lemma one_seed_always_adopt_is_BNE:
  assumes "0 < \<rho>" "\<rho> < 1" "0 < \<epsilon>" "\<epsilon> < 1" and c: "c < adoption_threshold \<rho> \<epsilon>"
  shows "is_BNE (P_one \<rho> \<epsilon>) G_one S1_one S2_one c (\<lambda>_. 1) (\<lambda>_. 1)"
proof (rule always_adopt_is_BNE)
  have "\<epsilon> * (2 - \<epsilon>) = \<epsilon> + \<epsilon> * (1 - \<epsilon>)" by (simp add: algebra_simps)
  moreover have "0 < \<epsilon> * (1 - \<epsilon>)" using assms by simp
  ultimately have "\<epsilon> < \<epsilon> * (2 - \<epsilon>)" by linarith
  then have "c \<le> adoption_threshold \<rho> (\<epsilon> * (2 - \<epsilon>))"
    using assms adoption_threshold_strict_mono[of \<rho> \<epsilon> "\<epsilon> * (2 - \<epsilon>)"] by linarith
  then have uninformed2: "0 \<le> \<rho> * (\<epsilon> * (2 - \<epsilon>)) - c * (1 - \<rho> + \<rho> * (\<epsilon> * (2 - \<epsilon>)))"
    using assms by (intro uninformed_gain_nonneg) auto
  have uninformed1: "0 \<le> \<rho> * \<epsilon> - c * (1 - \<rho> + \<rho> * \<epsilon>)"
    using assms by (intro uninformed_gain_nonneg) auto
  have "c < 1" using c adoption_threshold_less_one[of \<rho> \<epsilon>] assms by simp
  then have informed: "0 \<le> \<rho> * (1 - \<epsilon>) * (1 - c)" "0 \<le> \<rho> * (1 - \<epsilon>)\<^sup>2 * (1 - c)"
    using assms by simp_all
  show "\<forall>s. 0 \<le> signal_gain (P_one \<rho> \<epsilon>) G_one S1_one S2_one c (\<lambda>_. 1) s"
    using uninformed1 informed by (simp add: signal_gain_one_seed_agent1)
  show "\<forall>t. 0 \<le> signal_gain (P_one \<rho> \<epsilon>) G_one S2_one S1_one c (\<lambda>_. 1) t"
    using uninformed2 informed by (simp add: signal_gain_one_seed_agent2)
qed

::::

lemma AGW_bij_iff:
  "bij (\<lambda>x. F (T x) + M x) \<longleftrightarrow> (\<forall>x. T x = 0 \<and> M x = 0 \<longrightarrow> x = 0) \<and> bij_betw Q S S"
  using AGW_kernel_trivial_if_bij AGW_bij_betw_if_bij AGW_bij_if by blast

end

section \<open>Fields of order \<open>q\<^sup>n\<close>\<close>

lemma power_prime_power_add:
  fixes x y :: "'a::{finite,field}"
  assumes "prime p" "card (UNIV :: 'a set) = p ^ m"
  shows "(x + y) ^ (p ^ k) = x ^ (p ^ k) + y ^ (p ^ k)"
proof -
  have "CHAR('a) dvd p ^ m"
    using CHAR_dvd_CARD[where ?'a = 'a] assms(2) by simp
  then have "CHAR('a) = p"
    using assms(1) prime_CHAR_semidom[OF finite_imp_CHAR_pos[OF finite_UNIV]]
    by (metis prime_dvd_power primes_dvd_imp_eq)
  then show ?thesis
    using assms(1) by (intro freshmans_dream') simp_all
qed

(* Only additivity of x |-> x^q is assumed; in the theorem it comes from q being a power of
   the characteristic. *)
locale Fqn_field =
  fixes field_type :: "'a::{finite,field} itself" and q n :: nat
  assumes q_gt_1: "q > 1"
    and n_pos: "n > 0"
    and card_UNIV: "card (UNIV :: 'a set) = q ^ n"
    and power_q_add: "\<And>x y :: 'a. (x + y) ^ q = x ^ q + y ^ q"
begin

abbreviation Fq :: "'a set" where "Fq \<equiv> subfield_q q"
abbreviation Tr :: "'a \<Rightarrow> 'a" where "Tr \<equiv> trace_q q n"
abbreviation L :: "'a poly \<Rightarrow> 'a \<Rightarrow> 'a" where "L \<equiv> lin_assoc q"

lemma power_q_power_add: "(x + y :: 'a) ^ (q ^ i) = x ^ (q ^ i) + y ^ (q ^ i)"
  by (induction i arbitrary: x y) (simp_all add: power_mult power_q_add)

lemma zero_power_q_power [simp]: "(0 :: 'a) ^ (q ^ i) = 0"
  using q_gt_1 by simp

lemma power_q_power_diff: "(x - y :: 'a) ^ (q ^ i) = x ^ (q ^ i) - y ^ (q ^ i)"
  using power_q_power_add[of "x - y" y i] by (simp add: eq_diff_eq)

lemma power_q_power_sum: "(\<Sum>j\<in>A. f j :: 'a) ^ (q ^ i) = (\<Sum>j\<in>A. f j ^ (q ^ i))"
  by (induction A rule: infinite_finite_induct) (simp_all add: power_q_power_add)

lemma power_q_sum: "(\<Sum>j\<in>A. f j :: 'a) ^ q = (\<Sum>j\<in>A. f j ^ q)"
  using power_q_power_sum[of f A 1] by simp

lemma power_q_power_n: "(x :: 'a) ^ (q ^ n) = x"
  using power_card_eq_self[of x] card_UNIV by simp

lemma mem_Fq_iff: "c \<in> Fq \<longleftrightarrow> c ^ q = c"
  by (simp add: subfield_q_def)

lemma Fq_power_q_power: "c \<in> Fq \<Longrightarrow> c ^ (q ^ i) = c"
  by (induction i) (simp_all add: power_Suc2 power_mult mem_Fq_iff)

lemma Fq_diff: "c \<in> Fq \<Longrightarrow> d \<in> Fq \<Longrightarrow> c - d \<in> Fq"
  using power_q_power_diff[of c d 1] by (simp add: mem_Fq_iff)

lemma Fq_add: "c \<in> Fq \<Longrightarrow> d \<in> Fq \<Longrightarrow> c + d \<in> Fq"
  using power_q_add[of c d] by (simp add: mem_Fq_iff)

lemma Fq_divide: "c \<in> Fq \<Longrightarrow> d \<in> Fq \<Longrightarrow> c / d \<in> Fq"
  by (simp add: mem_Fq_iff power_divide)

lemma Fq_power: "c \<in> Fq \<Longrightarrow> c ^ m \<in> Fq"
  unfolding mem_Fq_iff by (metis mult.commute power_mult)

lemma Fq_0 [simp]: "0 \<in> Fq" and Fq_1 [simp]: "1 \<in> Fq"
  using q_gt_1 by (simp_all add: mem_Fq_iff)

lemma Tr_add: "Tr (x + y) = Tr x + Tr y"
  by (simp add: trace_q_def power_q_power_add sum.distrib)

::::

What is needed:
Your answer should be the exact lines above from the one with "using CHAR_dvd_CARD[where ?'a" through the one with "by (induction i)", both included, and nothing besides.

Response area:
    using CHAR_dvd_CARD[where ?'a = 'a] assms(2) by simp
  then have "CHAR('a) = p"
    using assms(1) prime_CHAR_semidom[OF finite_imp_CHAR_pos[OF finite_UNIV]]
    by (metis prime_dvd_power primes_dvd_imp_eq)
  then show ?thesis
    using assms(1) by (intro freshmans_dream') simp_all
qed

(* Only additivity of x |-> x^q is assumed; in the theorem it comes from q being a power of
   the characteristic. *)
locale Fqn_field =
  fixes field_type :: "'a::{finite,field} itself" and q n :: nat
  assumes q_gt_1: "q > 1"
    and n_pos: "n > 0"
    and card_UNIV: "card (UNIV :: 'a set) = q ^ n"
    and power_q_add: "\<And>x y :: 'a. (x + y) ^ q = x ^ q + y ^ q"
begin

abbreviation Fq :: "'a set" where "Fq \<equiv> subfield_q q"
abbreviation Tr :: "'a \<Rightarrow> 'a" where "Tr \<equiv> trace_q q n"
abbreviation L :: "'a poly \<Rightarrow> 'a \<Rightarrow> 'a" where "L \<equiv> lin_assoc q"

lemma power_q_power_add: "(x + y :: 'a) ^ (q ^ i) = x ^ (q ^ i) + y ^ (q ^ i)"
  by (induction i arbitrary: x y) (simp_all add: power_mult power_q_add)

lemma zero_power_q_power [simp]: "(0 :: 'a) ^ (q ^ i) = 0"
  using q_gt_1 by simp

lemma power_q_power_diff: "(x - y :: 'a) ^ (q ^ i) = x ^ (q ^ i) - y ^ (q ^ i)"
  using power_q_power_add[of "x - y" y i] by (simp add: eq_diff_eq)

lemma power_q_power_sum: "(\<Sum>j\<in>A. f j :: 'a) ^ (q ^ i) = (\<Sum>j\<in>A. f j ^ (q ^ i))"
  by (induction A rule: infinite_finite_induct) (simp_all add: power_q_power_add)

lemma power_q_sum: "(\<Sum>j\<in>A. f j :: 'a) ^ q = (\<Sum>j\<in>A. f j ^ q)"
  using power_q_power_sum[of f A 1] by simp

lemma power_q_power_n: "(x :: 'a) ^ (q ^ n) = x"
  using power_card_eq_self[of x] card_UNIV by simp

lemma mem_Fq_iff: "c \<in> Fq \<longleftrightarrow> c ^ q = c"
  by (simp add: subfield_q_def)

lemma Fq_power_q_power: "c \<in> Fq \<Longrightarrow> c ^ (q ^ i) = c"
  by (induction i) (simp_all add: power_Suc2 power_mult mem_Fq_iff)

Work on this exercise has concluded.